GIVEN DATA: Begin

(* Let $n>3$. Let $\mu_{1,1}^n$ be the complex commutative associative algebra with basis $e_1,\dots,e_n$ and only nonzero products $e_i\cdot e_j=e_{i+j}$ for $2\le i+j\le n-1$, and let $\mu_{1,2}^n$ be the one with only nonzero products $e_i\cdot e_j=e_{i+j}$ for $2\le i+j\le n-1$ and $e_n\cdot e_n=e_{n-1}$. Then: (1) if $(\mathcal{P},\cdot)=\mu_{1,1}^n$, then $Z^{2}(\mathcal{P},\mathcal{P})=\{\alpha\Delta_{1,n}(-,-)e_{n-1}+\beta\Delta_{1,n}(-,-)e_n:\alpha,\beta\in\mathbb{C}\}$; (2) if $(\mathcal{P},\cdot)=\mu_{1,2}^n$, then $Z^{2}(\mathcal{P},\mathcal{P})=\{\alpha\Delta_{1,n}(-,-)e_{n-1}:\alpha\in\mathbb{C}\}$.
   Context: For a commutative associative algebra $(\mathcal{P},\cdot)$, $Z^{2}(\mathcal{P},\mathcal{P})$ is the set of all skew-symmetric bilinear maps $\theta:\mathcal{P}\times\mathcal{P}\to\mathcal{P}$ such that $\theta(\theta(x,y),z)+\theta(\theta(y,z),x)+\theta(\theta(z,x),y)=0$ and $\theta(x\cdot y,z)-\theta(x,z)\cdot y-x\cdot\theta(y,z)=0$ for all $x,y,z$. $\Delta_{1,n}$ denotes the skew-symmetric bilinear form with $\Delta_{1,n}(e_1,e_n)=1$, $\Delta_{1,n}(e_n,e_1)=-1$, and $\Delta_{1,n}(e_l,e_m)=0$ for all other pairs of basis vectors. *)

theory Defs
  imports Complex_Main
begin

text \<open>Vectors of the n-dimensional complex space with basis e_1,...,e_n are
  modelled as coordinate functions nat => complex supported on {1..n}.\<close>

definition vecs :: "nat \<Rightarrow> (nat \<Rightarrow> complex) set" where
  "vecs n = {v. \<forall>i. i \<notin> {1..n} \<longrightarrow> v i = 0}"

definition bvec :: "nat \<Rightarrow> nat \<Rightarrow> complex" where
  "bvec i = (\<lambda>k. if k = i then 1 else 0)"

definition vadd :: "(nat \<Rightarrow> complex) \<Rightarrow> (nat \<Rightarrow> complex) \<Rightarrow> nat \<Rightarrow> complex" where
  "vadd x y = (\<lambda>k. x k + y k)"

definition vscale :: "complex \<Rightarrow> (nat \<Rightarrow> complex) \<Rightarrow> nat \<Rightarrow> complex" where
  "vscale a x = (\<lambda>k. a * x k)"

text \<open>An algebra structure given by the products of basis vectors
  m i j = e_i * e_j, extended bilinearly.\<close>

definition amult :: "(nat \<Rightarrow> nat \<Rightarrow> nat \<Rightarrow> complex) \<Rightarrow> nat
    \<Rightarrow> (nat \<Rightarrow> complex) \<Rightarrow> (nat \<Rightarrow> complex) \<Rightarrow> nat \<Rightarrow> complex" where
  "amult m n x y = (\<lambda>k. \<Sum>i\<in>{1..n}. \<Sum>j\<in>{1..n}. x i * y j * m i j k)"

GIVEN DATA: End

# WORK TO BE COMPLETED
Your answer should hold the line with "m i j = e_i" and each line after it to the end of the data, retyped exactly. Include no other lines.

# OUTPUT
  m i j = e_i * e_j, extended bilinearly.\<close>

definition amult :: "(nat \<Rightarrow> nat \<Rightarrow> nat \<Rightarrow> complex) \<Rightarrow> nat
    \<Rightarrow> (nat \<Rightarrow> complex) \<Rightarrow> (nat \<Rightarrow> complex) \<Rightarrow> nat \<Rightarrow> complex" where
  "amult m n x y = (\<lambda>k. \<Sum>i\<in>{1..n}. \<Sum>j\<in>{1..n}. x i * y j * m i j k)"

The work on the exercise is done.